### Records for this exercise
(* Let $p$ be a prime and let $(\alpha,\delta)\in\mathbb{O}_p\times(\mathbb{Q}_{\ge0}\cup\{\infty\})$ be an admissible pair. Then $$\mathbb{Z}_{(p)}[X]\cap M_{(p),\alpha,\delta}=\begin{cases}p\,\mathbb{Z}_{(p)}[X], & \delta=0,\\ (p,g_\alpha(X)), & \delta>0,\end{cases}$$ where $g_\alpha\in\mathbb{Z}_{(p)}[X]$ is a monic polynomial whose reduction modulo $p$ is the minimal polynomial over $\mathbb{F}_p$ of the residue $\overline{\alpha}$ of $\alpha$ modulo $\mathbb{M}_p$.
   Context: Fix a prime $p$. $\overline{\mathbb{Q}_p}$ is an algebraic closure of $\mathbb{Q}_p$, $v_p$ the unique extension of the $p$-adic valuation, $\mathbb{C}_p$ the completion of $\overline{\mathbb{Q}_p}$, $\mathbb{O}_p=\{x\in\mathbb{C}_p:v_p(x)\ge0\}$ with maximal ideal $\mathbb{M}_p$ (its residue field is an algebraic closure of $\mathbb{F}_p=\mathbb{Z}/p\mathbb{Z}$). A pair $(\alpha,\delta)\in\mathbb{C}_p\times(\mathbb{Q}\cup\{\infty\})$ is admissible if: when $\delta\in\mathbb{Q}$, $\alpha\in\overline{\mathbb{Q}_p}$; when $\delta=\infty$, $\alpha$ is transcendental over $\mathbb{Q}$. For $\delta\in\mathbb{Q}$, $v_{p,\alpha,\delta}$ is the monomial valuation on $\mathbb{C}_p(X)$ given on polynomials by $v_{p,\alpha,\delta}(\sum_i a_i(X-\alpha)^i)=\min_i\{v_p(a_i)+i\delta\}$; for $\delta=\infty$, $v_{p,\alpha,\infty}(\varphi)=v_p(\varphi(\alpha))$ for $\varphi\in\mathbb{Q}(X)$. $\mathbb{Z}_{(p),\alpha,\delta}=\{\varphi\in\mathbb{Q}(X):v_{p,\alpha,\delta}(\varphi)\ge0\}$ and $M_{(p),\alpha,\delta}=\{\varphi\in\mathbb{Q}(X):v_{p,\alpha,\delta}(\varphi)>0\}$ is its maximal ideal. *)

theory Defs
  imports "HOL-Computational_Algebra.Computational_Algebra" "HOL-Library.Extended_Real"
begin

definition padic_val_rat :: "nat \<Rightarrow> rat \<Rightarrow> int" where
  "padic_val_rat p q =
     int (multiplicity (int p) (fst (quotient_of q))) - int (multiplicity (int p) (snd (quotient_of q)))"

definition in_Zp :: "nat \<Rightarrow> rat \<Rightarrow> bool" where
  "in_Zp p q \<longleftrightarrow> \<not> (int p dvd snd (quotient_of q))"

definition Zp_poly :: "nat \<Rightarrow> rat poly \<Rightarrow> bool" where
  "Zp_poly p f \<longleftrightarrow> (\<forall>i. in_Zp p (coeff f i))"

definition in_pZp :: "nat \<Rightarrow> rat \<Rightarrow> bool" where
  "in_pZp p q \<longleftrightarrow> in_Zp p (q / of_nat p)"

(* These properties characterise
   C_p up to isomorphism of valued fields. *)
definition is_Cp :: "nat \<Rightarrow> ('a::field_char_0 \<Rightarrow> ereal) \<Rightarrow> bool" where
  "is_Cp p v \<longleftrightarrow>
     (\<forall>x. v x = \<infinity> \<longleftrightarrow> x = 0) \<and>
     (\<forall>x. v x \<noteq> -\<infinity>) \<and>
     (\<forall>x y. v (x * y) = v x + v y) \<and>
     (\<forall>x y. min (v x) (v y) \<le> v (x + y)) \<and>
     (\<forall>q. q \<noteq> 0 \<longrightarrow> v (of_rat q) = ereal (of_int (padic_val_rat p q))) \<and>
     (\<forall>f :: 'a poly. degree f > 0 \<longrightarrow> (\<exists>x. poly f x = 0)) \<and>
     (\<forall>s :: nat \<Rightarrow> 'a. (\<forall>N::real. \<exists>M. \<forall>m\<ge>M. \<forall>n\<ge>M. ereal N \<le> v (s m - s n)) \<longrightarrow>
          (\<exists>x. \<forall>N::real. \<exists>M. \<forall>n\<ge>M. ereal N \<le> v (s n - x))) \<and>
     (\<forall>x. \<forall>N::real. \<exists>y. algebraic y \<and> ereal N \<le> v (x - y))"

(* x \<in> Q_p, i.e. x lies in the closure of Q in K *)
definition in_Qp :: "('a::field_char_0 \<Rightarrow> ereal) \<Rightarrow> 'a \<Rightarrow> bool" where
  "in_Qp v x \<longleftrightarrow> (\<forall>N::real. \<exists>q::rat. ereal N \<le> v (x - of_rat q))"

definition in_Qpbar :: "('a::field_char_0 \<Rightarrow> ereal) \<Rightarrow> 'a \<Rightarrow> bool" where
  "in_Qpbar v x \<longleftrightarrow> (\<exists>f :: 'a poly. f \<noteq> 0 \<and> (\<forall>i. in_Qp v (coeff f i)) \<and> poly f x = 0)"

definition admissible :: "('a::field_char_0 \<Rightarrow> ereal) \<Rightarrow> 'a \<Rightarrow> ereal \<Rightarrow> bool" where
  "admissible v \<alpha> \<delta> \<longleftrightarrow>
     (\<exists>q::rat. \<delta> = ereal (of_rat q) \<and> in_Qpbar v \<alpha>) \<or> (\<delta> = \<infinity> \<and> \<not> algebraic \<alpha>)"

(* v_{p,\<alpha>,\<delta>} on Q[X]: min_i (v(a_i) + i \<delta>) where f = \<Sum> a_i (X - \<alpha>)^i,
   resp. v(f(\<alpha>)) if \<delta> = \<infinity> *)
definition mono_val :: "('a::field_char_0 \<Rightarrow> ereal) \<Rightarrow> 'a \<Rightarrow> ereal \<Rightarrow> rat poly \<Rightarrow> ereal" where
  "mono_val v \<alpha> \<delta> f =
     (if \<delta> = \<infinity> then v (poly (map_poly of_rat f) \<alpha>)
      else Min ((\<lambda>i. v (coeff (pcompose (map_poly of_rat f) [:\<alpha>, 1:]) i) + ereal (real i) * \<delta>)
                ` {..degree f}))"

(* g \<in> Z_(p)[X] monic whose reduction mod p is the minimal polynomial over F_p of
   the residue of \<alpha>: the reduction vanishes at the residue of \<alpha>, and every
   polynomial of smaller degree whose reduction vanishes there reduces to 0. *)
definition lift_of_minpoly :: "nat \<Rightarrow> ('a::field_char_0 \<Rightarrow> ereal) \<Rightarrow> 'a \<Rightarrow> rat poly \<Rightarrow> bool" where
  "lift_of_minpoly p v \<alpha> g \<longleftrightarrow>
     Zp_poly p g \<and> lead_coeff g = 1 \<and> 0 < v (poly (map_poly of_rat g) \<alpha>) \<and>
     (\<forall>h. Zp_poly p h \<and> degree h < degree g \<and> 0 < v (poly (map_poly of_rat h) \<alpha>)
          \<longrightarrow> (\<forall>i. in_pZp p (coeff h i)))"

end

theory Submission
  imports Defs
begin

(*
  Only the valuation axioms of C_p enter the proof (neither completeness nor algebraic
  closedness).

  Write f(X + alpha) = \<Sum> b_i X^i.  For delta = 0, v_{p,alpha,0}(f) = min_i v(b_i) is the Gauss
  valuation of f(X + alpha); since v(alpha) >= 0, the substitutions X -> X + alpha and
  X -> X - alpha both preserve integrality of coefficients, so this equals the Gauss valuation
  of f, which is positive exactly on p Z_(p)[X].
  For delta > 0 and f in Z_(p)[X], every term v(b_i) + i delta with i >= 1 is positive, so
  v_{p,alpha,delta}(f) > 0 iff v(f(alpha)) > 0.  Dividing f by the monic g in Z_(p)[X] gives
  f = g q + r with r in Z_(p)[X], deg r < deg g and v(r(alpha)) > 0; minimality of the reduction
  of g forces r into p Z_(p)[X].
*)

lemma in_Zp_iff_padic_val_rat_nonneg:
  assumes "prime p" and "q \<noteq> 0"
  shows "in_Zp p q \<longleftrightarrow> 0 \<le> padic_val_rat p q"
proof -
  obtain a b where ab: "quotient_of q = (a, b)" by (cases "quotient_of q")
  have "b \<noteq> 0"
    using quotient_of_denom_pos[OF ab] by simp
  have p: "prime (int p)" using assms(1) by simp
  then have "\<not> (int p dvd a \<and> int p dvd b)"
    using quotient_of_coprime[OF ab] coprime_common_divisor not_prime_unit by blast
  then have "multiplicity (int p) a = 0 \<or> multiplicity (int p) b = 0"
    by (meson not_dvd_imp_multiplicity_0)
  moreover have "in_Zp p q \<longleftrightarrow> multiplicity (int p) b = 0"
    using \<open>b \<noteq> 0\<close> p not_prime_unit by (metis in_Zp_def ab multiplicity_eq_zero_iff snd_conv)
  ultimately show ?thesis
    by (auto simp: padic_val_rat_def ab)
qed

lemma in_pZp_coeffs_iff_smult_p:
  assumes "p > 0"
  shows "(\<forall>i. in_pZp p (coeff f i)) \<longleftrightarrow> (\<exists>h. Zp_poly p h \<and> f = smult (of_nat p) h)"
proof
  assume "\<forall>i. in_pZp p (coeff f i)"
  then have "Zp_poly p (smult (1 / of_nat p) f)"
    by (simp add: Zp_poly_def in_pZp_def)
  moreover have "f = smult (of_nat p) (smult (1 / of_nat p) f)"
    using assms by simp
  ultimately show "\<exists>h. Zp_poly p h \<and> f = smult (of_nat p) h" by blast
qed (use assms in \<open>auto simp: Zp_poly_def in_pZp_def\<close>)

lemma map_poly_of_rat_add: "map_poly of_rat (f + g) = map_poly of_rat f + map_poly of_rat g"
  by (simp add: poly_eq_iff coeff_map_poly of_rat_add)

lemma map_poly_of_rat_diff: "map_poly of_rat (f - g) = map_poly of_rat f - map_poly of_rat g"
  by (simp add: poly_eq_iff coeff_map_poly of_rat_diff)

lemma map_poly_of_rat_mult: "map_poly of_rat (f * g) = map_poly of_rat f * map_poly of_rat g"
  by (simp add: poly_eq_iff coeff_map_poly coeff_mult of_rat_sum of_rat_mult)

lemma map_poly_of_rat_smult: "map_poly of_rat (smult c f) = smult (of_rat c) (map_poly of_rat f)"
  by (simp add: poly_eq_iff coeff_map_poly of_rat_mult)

### Task item
Output the line containing "by (simp add: poly_eq_iff coeff_map_poly of_rat_add)" and all lines after it to the end of the records, exactly as given.

### Output below
  by (simp add: poly_eq_iff coeff_map_poly of_rat_add)

lemma map_poly_of_rat_diff: "map_poly of_rat (f - g) = map_poly of_rat f - map_poly of_rat g"
  by (simp add: poly_eq_iff coeff_map_poly of_rat_diff)

lemma map_poly_of_rat_mult: "map_poly of_rat (f * g) = map_poly of_rat f * map_poly of_rat g"
  by (simp add: poly_eq_iff coeff_map_poly coeff_mult of_rat_sum of_rat_mult)

lemma map_poly_of_rat_smult: "map_poly of_rat (smult c f) = smult (of_rat c) (map_poly of_rat f)"
  by (simp add: poly_eq_iff coeff_map_poly of_rat_mult)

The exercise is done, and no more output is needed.